Он долго и много говорил ей, хотя и не был уверен, понимает ли она его и сумеет ли исполнить свою роль согласно его плану, и внутренне досадовал на нее: точно как ребенок!.. Даже странно, женщина, а хитрости ни на грош!
Ему редко приходилось «учить» своих подруг, а если и случалось наставлять более неопытных, то ученицы схватывали всю премудрость на лету и выучивались с первого же урока. «А эту Бог весть когда надоумишь!»
И он с легким раздражением искоса взглядывал на нее. Она сидела на диване, тяжело опершись головой на одну руку. По ее точно вдруг осунувшемуся лицу разлились желтоватые болезненные тени, а полная фигура ее, тяжело и неграциозно согнувшаяся, и даже самое лицо, обычно такое прелестное, в эту минуту показались ему некрасивыми и непривлекательными.
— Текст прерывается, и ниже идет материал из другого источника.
lemma mergeable_empty: "mergeable f c {} Y"
  unfolding mergeable_def optimal_order_def by (auto simp: filter_id_conv)

lemma max_ratio_prefix_Un:
  fixes f :: "'e set \<Rightarrow> real" and c :: "'e \<Rightarrow> real"
  assumes fin: "finite X" "finite Y" and disj: "X \<inter> Y = {}" and cpos: "\<forall>x\<in>X \<union> Y. 0 < c x"
    and sm: "supermodular_on (X \<union> Y) f" and sep: "separable f X Y"
    and \<sigma>: "optimal_order f c X \<sigma>" and \<tau>: "optimal_order f c Y \<tau>" and ne: "X \<noteq> {}" "Y \<noteq> {}"
  shows "(\<exists>y\<in>X. max_ratio_set f c (X \<union> Y) (insert y (preceding \<sigma> y)))
    \<or> (\<exists>z\<in>Y. max_ratio_set f c (X \<union> Y) (insert z (preceding \<tau> z)))"
proof -
  have f0: "f {} = 0"
    using sep by (rule separable_empty)
  obtain y where y: "y \<in> X" and TX: "max_ratio_set f c X (insert y (preceding \<sigma> y))"
    using optimal_order_max_ratio_prefix[OF \<sigma>] ne supermodular_on_subset[OF sm] f0 cpos by blast
  obtain z where z: "z \<in> Y" and TY: "max_ratio_set f c Y (insert z (preceding \<tau> z))"
    using optimal_order_max_ratio_prefix[OF \<tau>] ne supermodular_on_subset[OF sm] f0 cpos by blast
  show ?thesis
  proof (cases "f (insert z (preceding \<tau> z)) * sum c (insert y (preceding \<sigma> y))
      \<le> f (insert y (preceding \<sigma> y)) * sum c (insert z (preceding \<tau> z))")
    case True
    then show ?thesis
      using max_ratio_set_Un[OF sep disj fin cpos TX TY] y by blast
  next
    case False
    have "Y \<inter> X = {}" and "\<forall>x\<in>Y \<union> X. 0 < c x"
      using disj cpos by auto
    then have "max_ratio_set f c (Y \<union> X) (insert z (preceding \<tau> z))"
      using False by (intro max_ratio_set_Un[OF separable_commute[OF sep] _ fin(2,1) _ TY TX]) simp_all
    then show ?thesis
      using z by (auto simp: Un_commute)
  qed
qed

theorem mergeable_if_separable:
  fixes f :: "'e set \<Rightarrow> real" and c :: "'e \<Rightarrow> real"
  assumes "finite X" "finite Y" "X \<inter> Y = {}" "\<forall>x\<in>X \<union> Y. 0 < c x"
    and "supermodular_on (X \<union> Y) f" "separable f X Y"
  shows "mergeable f c X Y"
  using assms
proof (induction "card (X \<union> Y)" arbitrary: X Y f rule: less_induct)
  case less
  note fin = less.prems(1,2) and disj = less.prems(3) and cpos = less.prems(4)
    and sm = less.prems(5) and sep = less.prems(6)
  have IH: "mergeable g c X' Y'"
    if "X' \<subseteq> X" "Y' \<subseteq> Y" "X' \<union> Y' \<noteq> X \<union> Y" "supermodular_on (X' \<union> Y') g" "separable g X' Y'"
    for X' Y' g
  proof (rule less.hyps)
    have "X' \<union> Y' \<subset> X \<union> Y"
      using that(1-3) by blast
    then show "card (X' \<union> Y') < card (X \<union> Y)"
      using fin by (simp add: psubset_card_mono)
  qed (use that fin disj cpos in \<open>auto intro: rev_finite_subset\<close>)
  consider "X = {}" | "Y = {}" | "X \<noteq> {}" "Y \<noteq> {}"
    by blast
  then show ?case
  proof cases
    case 3
    show ?thesis
      unfolding mergeable_def
    proof (intro allI impI)
      fix \<sigma> \<tau> assume \<sigma>: "optimal_order f c X \<sigma>" and \<tau>: "optimal_order f c Y \<tau>"
      from max_ratio_prefix_Un[OF fin disj cpos sm sep \<sigma> \<tau> 3]
      show "\<exists>s. optimal_order f c (X \<union> Y) s \<and> filter (\<lambda>x. x \<in> X) s = \<sigma> \<and> filter (\<lambda>x. x \<in> Y) s = \<tau>"
      proof (elim disjE bexE)
        fix y assume "y \<in> X" "max_ratio_set f c (X \<union> Y) (insert y (preceding \<sigma> y))"
        moreover have "mergeable g c X' Y" if "X' \<subset> X" "supermodular_on (X' \<union> Y) g" "separable g X' Y" for X' g
          using IH[of X' Y g] that disj by blast
        ultimately show ?thesis
          using merge_by_max_ratio_prefix[of X Y c f \<sigma> \<tau> y] disj cpos sm sep \<sigma> \<tau> by blast
      next
        fix z assume "z \<in> Y" "max_ratio_set f c (X \<union> Y) (insert z (preceding \<tau> z))"
        moreover have "mergeable g c Y' X" if "Y' \<subset> Y" "supermodular_on (Y' \<union> X) g" "separable g Y' X" for Y' g
          by (rule mergeable_commute[OF IH]) (use that disj separable_commute in \<open>auto simp: Un_commute\<close>)
        ultimately have "\<exists>s. optimal_order f c (Y \<union> X) s \<and> filter (\<lambda>x. x \<in> Y) s = \<tau> \<and> filter (\<lambda>x. x \<in> X) s = \<sigma>"
          using merge_by_max_ratio_prefix[of Y X c f \<tau> \<sigma> z] disj cpos sm separable_commute[OF sep] \<sigma> \<tau>
          by (simp add: Un_commute Int_commute)
        then show ?thesis
          by (metis Un_commute)
      qed
    qed
  qed (simp_all add: mergeable_empty mergeable_commute)
qed

section \<open>Paths in trees\<close>

fun walk_edges :: "'a list \<Rightarrow> 'a set set" where
  "walk_edges [] = {}"
| "walk_edges [x] = {}"
| "walk_edges (x # y # zs) = insert {x, y} (walk_edges (y # zs))"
«Теперь дурнеть еще начнет! – подумал он с неудовольствием. – Начнутся эти вечные слезы, упреки, терзания и через год, глядишь, старухой будет… Нет, все-таки эти тридцатилетние женщины ужасно непрочны в своей красоте держатся-держатся, да вдруг разом и поблекнут».
– Во всяком случае, ужасного еще ничего не случилось, да, быть может, и вовсе ничего особенного не случится, – сказал он, ходя из угла в угол.
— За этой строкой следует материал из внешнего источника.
(* Let $n\ge 2$ and $\pi\in RC(n)$. If $\pi$ is alternating ($\pi_1<\pi_2>\pi_3<\cdots$), then for every $i$ with $1<i<n$: $\pi_i>\max(\pi_1,\pi_n)$ if $i$ is even and $\pi_i<\min(\pi_1,\pi_n)$ if $i$ is odd. If $\pi$ is reverse-alternating ($\pi_1>\pi_2<\pi_3>\cdots$), then for every $i$ with $1<i<n$: $\pi_i<\min(\pi_1,\pi_n)$ if $i$ is even and $\pi_i>\max(\pi_1,\pi_n)$ if $i$ is odd.
   Context: Permutations of $[n]=\{1,\dots,n\}$ are written in one-line notation $\pi=(\pi_1,\dots,\pi_n)$; $S_n$ is the set of all of them. For a sequence $\tau=(\tau_1,\dots,\tau_m)$ of distinct numbers with $m\ge 2$, let $i(\tau)$ be the number of maximal increasing runs of consecutive entries of length at least $2$, and $d(\tau)$ the number of maximal decreasing runs of consecutive entries of length at least $2$; set $id(\tau)=i(\tau)+d(\tau)$. Equivalently, $id(\tau)=1+\#\{k: 2\le k\le m-1,\ (\tau_k-\tau_{k-1})(\tau_{k+1}-\tau_k)<0\}$. For $\pi\in S_n$, let $X(\pi)$ be the collection of all subsequences $\tau=(\pi_{j_1},\dots,\pi_{j_m})$ with $j_1<\dots<j_m$ and $m\ge 3$, and $t(\pi)=\sum_{\tau\in X(\pi)} id(\tau)$. Define $RC(n)=\{\pi\in S_n : t(\pi)=\max_{\sigma\in S_n} t(\sigma)\}$. *)

theory Defs
  imports Main "HOL-Library.Sublist"
begin

definition perms :: "nat \<Rightarrow> nat list set" where
  "perms n = {p. distinct p \<and> set p = {1..n}}"

(* id(tau) = 1 + number of interior turning points (peaks/valleys), for length >= 2 *)
definition idstat :: "nat list \<Rightarrow> nat" where
  "idstat \<tau> = 1 + card {k. 1 \<le> k \<and> k + 1 < length \<tau> \<and>
      (int (\<tau> ! k) - int (\<tau> ! (k - 1))) * (int (\<tau> ! (k + 1)) - int (\<tau> ! k)) < 0}"

definition tstat :: "nat list \<Rightarrow> nat" where
  "tstat p = (\<Sum>J \<in> {J. J \<subseteq> {0..<length p} \<and> 3 \<le> card J}. idstat (nths p J))"

definition RC :: "nat \<Rightarrow> nat list set" where
  "RC n = {p \<in> perms n. tstat p = Max (tstat ` perms n)}"

abbreviation ent :: "nat list \<Rightarrow> nat \<Rightarrow> nat" where
  "ent p i \<equiv> p ! (i - 1)"

definition alternating :: "nat list \<Rightarrow> bool" where
  "alternating p = (\<forall>i. 1 \<le> i \<and> i < length p \<longrightarrow>
      (if odd i then ent p i < ent p (i + 1) else ent p i > ent p (i + 1)))"

definition rev_alternating :: "nat list \<Rightarrow> bool" where
  "rev_alternating p = (\<forall>i. 1 \<le> i \<and> i < length p \<longrightarrow>
      (if odd i then ent p i > ent p (i + 1) else ent p i < ent p (i + 1)))"

end

theory Submission
  imports Defs
begin

text \<open>
  Counting the index sets in which three positions \<open>a < b < c\<close> appear consecutively gives
  \<open>t(\<pi>) = #{J. |J| \<ge> 3} + \<Sum> 2^a 2^(n-1-c)\<close>, the sum running over the triples at which
  \<open>\<pi>\<close> turns. Exchanging two values \<open>v\<close> and \<open>v + 1\<close> flips the turn status of exactly the
  triples in which their positions are adjacent; if the triple with the nearest outer neighbour gains
  a turn, it outweighs all the others and \<open>t\<close> strictly increases. Hence in a maximiser the value
  just above a peak is neither at an end nor at a valley, and dually for valleys. When every interior
  position is a peak or a valley, all values above a peak therefore sit at peaks and all values
  below a valley at valleys, so the two end entries lie below every peak and above every valley.
\<close>

definition zigzag :: "'a::linorder \<Rightarrow> 'a \<Rightarrow> 'a \<Rightarrow> bool" where
  "zigzag x y z \<longleftrightarrow> (x < y \<and> z < y) \<or> (y < x \<and> y < z)"

lemma turn_product_neg_iff_zigzag:
  "(int y - int x) * (int z - int y) < 0 \<longleftrightarrow> zigzag x y z"
  by (auto simp: zigzag_def mult_less_0_iff)

definition consecutive :: "'a::linorder set \<Rightarrow> 'a \<Rightarrow> 'a \<Rightarrow> bool" where
  "consecutive J a b \<longleftrightarrow> a \<in> J \<and> b \<in> J \<and> a < b \<and> (\<forall>x\<in>J. \<not> (a < x \<and> x < b))"

lemma strict_sorted_nth_less_iff:
  assumes "sorted_wrt (<) xs" "i < length xs" "j < length xs"
  shows "xs!i < (xs!j :: 'a::linorder) \<longleftrightarrow> i < j"
  using sorted_wrt_nth_less[OF assms(1)] assms(2,3)
  by (metis less_asym linorder_neqE_nat order.irrefl)

lemma consecutive_strict_sorted_iff:
  assumes sorted: "sorted_wrt (<) xs"
  shows "consecutive (set xs) a b \<longleftrightarrow> (\<exists>k. 0 < k \<and> k < length xs \<and> a = xs!(k-1) \<and> b = xs!k)"
proof
  assume cons: "consecutive (set xs) a b"
  then obtain i k where i: "i < length xs" "xs!i = a" and k: "k < length xs" "xs!k = b"
    by (auto simp: consecutive_def in_set_conv_nth)
  have "i < k"
    using cons strict_sorted_nth_less_iff[OF sorted i(1) k(1)] i k by (simp add: consecutive_def)
  moreover have "\<not> i < k - 1"
  proof
    assume "i < k - 1"
    then have "a < xs!(k-1)" "xs!(k-1) < b"
      using strict_sorted_nth_less_iff[OF sorted] i k by auto
    then show False using cons k by (auto simp: consecutive_def)
  qed
  ultimately have "i = k - 1" by linarith
  then show "\<exists>k. 0 < k \<and> k < length xs \<and> a = xs!(k-1) \<and> b = xs!k"
    using i k \<open>i < k\<close> by (intro exI[of _ k]) auto
next
  assume "\<exists>k. 0 < k \<and> k < length xs \<and> a = xs!(k-1) \<and> b = xs!k"
  then obtain k where k: "0 < k" "k < length xs" "a = xs!(k-1)" "b = xs!k" by blast
  have "\<not> (a < x \<and> x < b)" if "x \<in> set xs" for x
    using that k strict_sorted_nth_less_iff[OF sorted] by (auto simp: in_set_conv_nth)
  then show "consecutive (set xs) a b"
    using k strict_sorted_nth_less_iff[OF sorted, of "k-1" k] by (auto simp: consecutive_def)
qed

lemma nths_eq_map_filter: "nths p J = map (nth p) (filter (\<lambda>i. i \<in> J) [0..<length p])"
proof -
  have "zip p [0..<length p] = map (\<lambda>i. (p!i, i)) [0..<length p]"
    by (rule nth_equalityI) auto
  then show ?thesis by (simp add: nths_def filter_map comp_def)
qed

lemma idstat_nths:
  assumes J: "J \<subseteq> {0..<length p}"
  shows "idstat (nths p J) =
    1 + card {(a, b, c). consecutive J a b \<and> consecutive J b c \<and> zigzag (p!a) (p!b) (p!c)}"
proof -
  define xs where "xs = filter (\<lambda>i. i \<in> J) [0..<length p]"
  have sorted: "sorted_wrt (<) xs" unfolding xs_def by (intro sorted_wrt_filter) simp
  have distinct: "distinct xs" unfolding xs_def by simp
  have set_xs: "set xs = J" unfolding xs_def using J by auto
  define K where "K = {k. 1 \<le> k \<and> k + 1 < length xs \<and> zigzag (p!(xs!(k-1))) (p!(xs!k)) (p!(xs!(k+1)))}"
  define g where "g k = (xs!(k-1), xs!k, xs!(k+1))" for k
  have "idstat (nths p J) = 1 + card K"
    unfolding idstat_def K_def xs_def nths_eq_map_filter
    by (simp add: turn_product_neg_iff_zigzag cong: conj_cong)
  moreover have "inj_on g K"
    using distinct by (auto simp: inj_on_def g_def K_def nth_eq_iff_index_eq)
  moreover have "g ` K = {(a, b, c). consecutive J a b \<and> consecutive J b c \<and> zigzag (p!a) (p!b) (p!c)}"
  proof (intro set_eqI iffI)
    fix t assume "t \<in> g ` K"
    then obtain k where k: "1 \<le> k" "k + 1 < length xs" and t: "t = g k"
      and zz: "zigzag (p!(xs!(k-1))) (p!(xs!k)) (p!(xs!(k+1)))"
      by (auto simp: K_def)
    have "consecutive J (xs!(k-1)) (xs!k)"
      unfolding set_xs[symmetric] consecutive_strict_sorted_iff[OF sorted]
      using k by (intro exI[of _ k]) auto
    moreover have "consecutive J (xs!k) (xs!(k+1))"
      unfolding set_xs[symmetric] consecutive_strict_sorted_iff[OF sorted]
      using k by (intro exI[of _ "k+1"]) auto
    ultimately show "t \<in> {(a, b, c). consecutive J a b \<and> consecutive J b c \<and> zigzag (p!a) (p!b) (p!c)}"
      using t zz by (simp add: g_def)
  next
    fix t assume "t \<in> {(a, b, c). consecutive J a b \<and> consecutive J b c \<and> zigzag (p!a) (p!b) (p!c)}"
    then obtain k k' where k: "0 < k" "k < length xs" and k': "0 < k'" "k' < length xs"
      and t: "t = (xs!(k-1), xs!k, xs!k')" and same: "xs!(k'-1) = xs!k"
      and zz: "zigzag (p!(xs!(k-1))) (p!(xs!k)) (p!(xs!k'))"
      unfolding set_xs[symmetric] consecutive_strict_sorted_iff[OF sorted] by auto
    have "k' = k + 1"
      using same k k' distinct by (simp add: nth_eq_iff_index_eq)
    then show "t \<in> g ` K"
      using k k' t zz by (auto simp: g_def K_def intro!: image_eqI[of _ _ k])
  qed
  ultimately show ?thesis by (metis card_image)
qed

definition subseq_index_sets :: "nat \<Rightarrow> nat set set" where
  "subseq_index_sets n = {J. J \<subseteq> {0..<n} \<and> 3 \<le> card J}"

definition increasing_triples :: "nat \<Rightarrow> (nat \<times> nat \<times> nat) set" where
  "increasing_triples n = {(a, b, c). a < b \<and> b < c \<and> c < n}"

lemma finite_subseq_index_sets: "finite (subseq_index_sets n)"
  by (rule finite_subset[of _ "Pow {0..<n}"]) (auto simp: subseq_index_sets_def)

lemma finite_increasing_triples: "finite (increasing_triples n)"
  by (rule finite_subset[of _ "{..<n} \<times> {..<n} \<times> {..<n}"]) (auto simp: increasing_triples_def)

lemma card_index_sets_with_consecutive_triple:
  assumes abc: "a < b" "b < c" "c < n"
  shows "card {J \<in> subseq_index_sets n. consecutive J a b \<and> consecutive J b c} = 2^a * 2^(n - 1 - c)"
proof -
  define S where "S = {J \<in> subseq_index_sets n. consecutive J a b \<and> consecutive J b c}"
  define glue where "glue = (\<lambda>(A, B). A \<union> {a, b, c} \<union> B)"
  define split where "split = (\<lambda>J. (J \<inter> {..<a}, J \<inter> {c<..<n}))"
  have bij: "bij_betw glue (Pow {..<a} \<times> Pow {c<..<n}) S"
  proof (rule bij_betw_byWitness[where f' = split])
    show "\<forall>x \<in> Pow {..<a} \<times> Pow {c<..<n}. split (glue x) = x"
      using abc by (auto simp: glue_def split_def)
    show "\<forall>J \<in> S. glue (split J) = J"
    proof
      fix J assume "J \<in> S"
      then have J: "J \<subseteq> {0..<n}" "consecutive J a b" "consecutive J b c"
        by (auto simp: S_def subseq_index_sets_def)
      show "glue (split J) = J"
      proof (intro equalityI subsetI)
        fix x assume "x \<in> glue (split J)"
        then show "x \<in> J" using J by (auto simp: glue_def split_def consecutive_def)
      next
        fix x assume x: "x \<in> J"
        then have "\<not> (a < x \<and> x < b)" "\<not> (b < x \<and> x < c)" "x < n"
          using J by (auto simp: consecutive_def)
        then have "x < a \<or> x \<in> {a, b, c} \<or> c < x \<and> x < n" by auto
        then show "x \<in> glue (split J)" using x by (auto simp: glue_def split_def)
      qed
    qed
    show "glue ` (Pow {..<a} \<times> Pow {c<..<n}) \<subseteq> S"
    proof clarify
      fix A B assume AB: "A \<subseteq> {..<a}" "B \<subseteq> {c<..<n}"
      have sub: "glue (A, B) \<subseteq> {0..<n}" using AB abc by (auto simp: glue_def)
      have "3 = card {a, b, c}" using abc by auto
      also have "\<dots> \<le> card (glue (A, B))"
        using sub finite_subset[OF sub] by (intro card_mono) (auto simp: glue_def)
      finally show "glue (A, B) \<in> S"
        using sub AB abc by (auto simp: S_def subseq_index_sets_def glue_def consecutive_def)
    qed
    show "split ` S \<subseteq> Pow {..<a} \<times> Pow {c<..<n}"
      by (auto simp: split_def)
  qed
  have "card S = card (Pow {..<a} \<times> Pow {c<..<n})"
    using bij_betw_same_card[OF bij] by simp
  then show ?thesis by (simp add: S_def card_cartesian_product card_Pow)
qed

definition weighted_turns :: "nat list \<Rightarrow> int" where
  "weighted_turns p = (\<Sum>(a, b, c) \<in> increasing_triples (length p).
     of_bool (zigzag (p!a) (p!b) (p!c)) * 2^a * 2^(length p - 1 - c))"

lemma tstat_eq_weighted_turns:
  "int (tstat p) = int (card (subseq_index_sets (length p))) + weighted_turns p"
proof -
  let ?F = "subseq_index_sets (length p)" and ?T = "increasing_triples (length p)"
  let ?turn = "\<lambda>J (a, b, c). consecutive J a b \<and> consecutive J b c \<and> zigzag (p!a) (p!b) (p!c)"
  have idstat_eq: "int (idstat (nths p J)) = 1 + (\<Sum>t \<in> ?T. of_bool (?turn J t))" if "J \<in> ?F" for J
  proof -
    have "{(a, b, c). consecutive J a b \<and> consecutive J b c \<and> zigzag (p!a) (p!b) (p!c)} \<subseteq> ?T"
      using that by (auto simp: subseq_index_sets_def increasing_triples_def consecutive_def)
    then show ?thesis
      using that by (simp add: idstat_nths subseq_index_sets_def finite_increasing_triples Int_absorb1)
  qed
  have count: "(\<Sum>J \<in> ?F. of_bool (?turn J t)) =
      ((case t of (a, b, c) \<Rightarrow> of_bool (zigzag (p!a) (p!b) (p!c)) * 2^a * 2^(length p - 1 - c)) :: int)"
    if "t \<in> ?T" for t
  proof -
    obtain a b c where t: "t = (a, b, c)" by (cases t)
    then have abc: "a < b" "b < c" "c < length p" using that by (simp_all add: increasing_triples_def)
    show ?thesis
      using t card_index_sets_with_consecutive_triple[OF abc]
      by (cases "zigzag (p!a) (p!b) (p!c)") (simp_all add: finite_subseq_index_sets Int_def)
  qed
  have "int (tstat p) = (\<Sum>J \<in> ?F. 1 + (\<Sum>t \<in> ?T. of_bool (?turn J t)))"
    unfolding tstat_def subseq_index_sets_def[symmetric] using idstat_eq by simp
  also have "\<dots> = int (card ?F) + (\<Sum>J \<in> ?F. \<Sum>t \<in> ?T. of_bool (?turn J t))"
    by (simp add: sum.distrib)
  also have "\<dots> = int (card ?F) + (\<Sum>t \<in> ?T. \<Sum>J \<in> ?F. of_bool (?turn J t))"
    by (subst sum.swap) (rule refl)
  also have "\<dots> = int (card ?F) + weighted_turns p"
    unfolding weighted_turns_def using count by (simp add: case_prod_beta)
  finally show ?thesis .
qed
– Ты думаешь… – Марья Сергеевна тихо подняла голову и с тоскливою задумчивостью взглянула на него. – А я… боюсь… Что впереди нам, быть может, предстоит нечто еще более ужасное…
Вабельский остановился и тревожно посмотрел на нее. В ее словах ему послышалось что-то подозрительное, что вдруг как-то неприятно подействовало на него.
– То есть что же это… Нечто, еще более ужасное?
Марья Сергеевна молчала, не глядя на него, как будто нарочно избегая его взгляда, и в ее лице было что-то странное, страдающее и недосказанное.
Вабельский все тревожнее и пытливее смотрел на нее.
– Маня… Что же…
Она нервно хрустнула пальцами и вдруг быстро встала с дивана.
– Ах, я не знаю еще…
И, отойдя в самую глубь комнаты, наклонилась над стулом, поднимая с него свой платок, так что все ее лицо находилось в тени, а Виктор Алексеевич не мог рассмотреть не только его выражения, но даже плохо различал сливавшиеся в полусвете черты его.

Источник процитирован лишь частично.